Using the Dirac matrices we can write the Lorentz transformations of the Dirac spinors $\psi = \begin{pmatrix}\psi_L \\ \psi_R \end{pmatrix}$ as $$\Lambda_s = \exp(i\Theta_{\mu\nu}S^{\mu\nu}),$$ with $$S^{\mu\nu}=\frac{i}{4}[\gamma^\mu,\gamma^\nu]=:\frac{1}{2}\sigma^{\mu\nu},$$ the generators and $\Theta_{\mu\nu}$ containing six real angles (the $\mu=0$ and $\nu=0$ and $\mu=\nu$ elements vanish anyways). So these are the generators for the reducible $(\frac{1}{2},0)\oplus (0,\frac{1}{2})$ representation. However since $$S^{ij\dagger}=S^{ij},\quad S^{0i\dagger}=-S^{0i},$$ we know that $\Lambda_s$ is not unitary!

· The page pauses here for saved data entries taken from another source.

lemma leaf_packing_through_leaf_fork:
  assumes fork: "fork x p c w" and x: "x \<in> leaves V E" and p: "p \<notin> leaves V E"
    and y: "y \<in> branch_leaves p w" "y \<noteq> w"
  shows "\<exists>ps. leaf_packing E ps \<and> (card (leaves V E) - 1) div 2 \<le> length ps \<and> 2 \<le> length ps
    \<and> path_src (ps!0) = x \<and> path_src (ps!1) = y"
proof -
  note edges = fork_edges[OF fork] and sub = branch_edges_fork[OF fork]
  obtain qs1 where R1: "leaf_packing (branch_edges p w) qs1" "length qs1 = card (branch_leaves p w) div 2"
    "qs1 \<noteq> []" "path_src (hd qs1) = y"
    using branch_packings[OF _ y(1)] edges y(2) unfolding rooted_packing_def by blast
  obtain z where "z \<in> branch_leaves p c" using branch_leaves_nonempty edges by blast
  then obtain ps2 l2 P2 where S2: "leaf_packing (branch_edges p c) ps2"
    "length ps2 = (card (branch_leaves p c) - 1) div 2" "P2 \<subseteq> branch_edges p c" "(adj P2)\<^sup>*\<^sup>* l2 c"
    "l2 \<in> branch_leaves p c" "\<forall>q\<in>set ps2. P2 \<inter> path_edges q = {}"
    using branch_packings edges unfolding stubbed_packing_def by blast
  note stub = stub_through_fork[OF fork S2(3,4)]
  define np where "np = (x, l2, insert {x,p} (insert {p,c} P2))"
  have stub_np: "insert {p,c} P2 \<subseteq> path_edges np" unfolding np_def by (simp add: subset_insertI)
  have "(adj (path_edges np))\<^sup>*\<^sup>* p l2"
    using adj_rtranclp_sym[OF adj_rtranclp_mono[OF stub_np stub(2)]] .
  moreover have "adj (path_edges np) x p" unfolding np_def adj_def by simp
  ultimately have walk: "(adj (path_edges np))\<^sup>*\<^sup>* x l2" by (rule converse_rtranclp_into_rtranclp[rotated])
  have "x \<noteq> l2"
  proof -
    have "c \<noteq> x" using fork unfolding fork_def by blast
    hence "branch p c \<subseteq> branch x p" using branch_subset_branch edges by blast
    thus ?thesis using S2(5) tail_notin_branch edges unfolding branch_leaves_def by blast
  qed
  moreover have "path_edges np \<subseteq> E"
    using order_trans[OF stub(1) branch_edges_subset] edges unfolding np_def by simp
  moreover have "l2 \<in> leaves V E" using S2(5) branch_leaves_subset by blast
  ultimately have "leaf_path E np" using x walk unfolding leaf_path_def np_def by simp
  moreover have "path_edges np \<inter> path_edges q = {}" if "q \<in> set (qs1 @ ps2)" for q
  proof -
    have x_tail: "{x,p} \<notin> branch_edges x p"
      using tail_notin_branch edges unfolding branch_edges_def by blast
    show ?thesis
    proof (cases "q \<in> set ps2")
      case True
      note q_edges = leaf_packing_edges[OF S2(1) True]
      have "{x,p} \<notin> path_edges q" using q_edges sub(1) x_tail by blast
      thus ?thesis using stub(3)[OF q_edges] S2(6) True unfolding np_def by simp
    next
      case False
      hence q: "q \<in> set qs1" using that by simp
      note q_edges = leaf_packing_edges[OF R1(1) q]
      have "{x,p} \<notin> path_edges q" using q_edges sub(2) x_tail by blast
      thus ?thesis using stub(4)[OF q_edges] unfolding np_def by simp
    qed
  qed
  moreover have "leaf_packing E (qs1 @ ps2)"
    using leaf_packing_mono[OF branch_edges_subset leaf_packing_fork_append[OF fork_swap[OF fork] R1(1) S2(1)]] .
  ultimately have packing: "leaf_packing E (np # qs1 @ ps2)" by (simp add: leaf_packing_Cons)
  have "card (leaves V E) \<le> 1 + card (branch_leaves p c) + card (branch_leaves p w)"
    by (rule card_leaves_le_fork[OF fork x p])
  moreover have "card (branch_leaves p c) \<ge> 1" using card_branch_leaves_pos edges by blast
  ultimately have "(card (leaves V E) - 1) div 2 \<le> length (np # qs1 @ ps2)"
    using R1(2) S2(2) by simp
  moreover have "2 \<le> length (np # qs1 @ ps2)" "path_src ((np # qs1 @ ps2) ! 1) = y"
    using R1(3,4) by (cases qs1; simp)+
  moreover have "path_src ((np # qs1 @ ps2) ! 0) = x" unfolding np_def by simp
  ultimately show ?thesis using packing by blast
qed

There are different Dirac representations (representations for $S^{\mu\nu}$) Weyl representation: $$S^{ij}=\frac{1}{2}\epsilon_{ijk}\begin{pmatrix}\sigma_k & 0\\ 0 & \sigma_k\end{pmatrix},\quad S^{0i}=-\frac{i}{2}\begin{pmatrix}\sigma_i & 0\\ 0 & -\sigma_i\end{pmatrix}$$ Majorana representation: $$\gamma^0=\begin{pmatrix}0 & \sigma^2\\ \sigma^2 & 0 \end{pmatrix}, \gamma^1=\begin{pmatrix}i\sigma^3 & 0\\ 0 & i\sigma^3\end{pmatrix},\gamma^2=\begin{pmatrix}0 & -\sigma^2\\ \sigma^2 & 0\end{pmatrix},\gamma^3=\begin{pmatrix}-i\sigma^1 & 0\\ 0 & -i\sigma^1\end{pmatrix}$$
Since the $\Lambda_s$ representation is not unitary, $\psi^\dagger\psi$ is not Lorentz invariant. However one finds that $\bar{\psi}\psi=\psi^\dagger\gamma^0\psi$ is Lorentz invariant. Similarly $\bar{\psi}\gamma^\mu\psi$ transforms like a Lorentz vector. This is because $$\Lambda^{-1}_s\gamma^\nu\Lambda_s=(\Lambda_V)^{\mu\nu}\gamma^\nu,$$ where $\Lambda_V$ is ther Lorentz transformation in vector representation.
This is the reason why $$\bar{\psi}=\psi^\dagger\gamma^0$$ appears in the Dirac Lagrangian.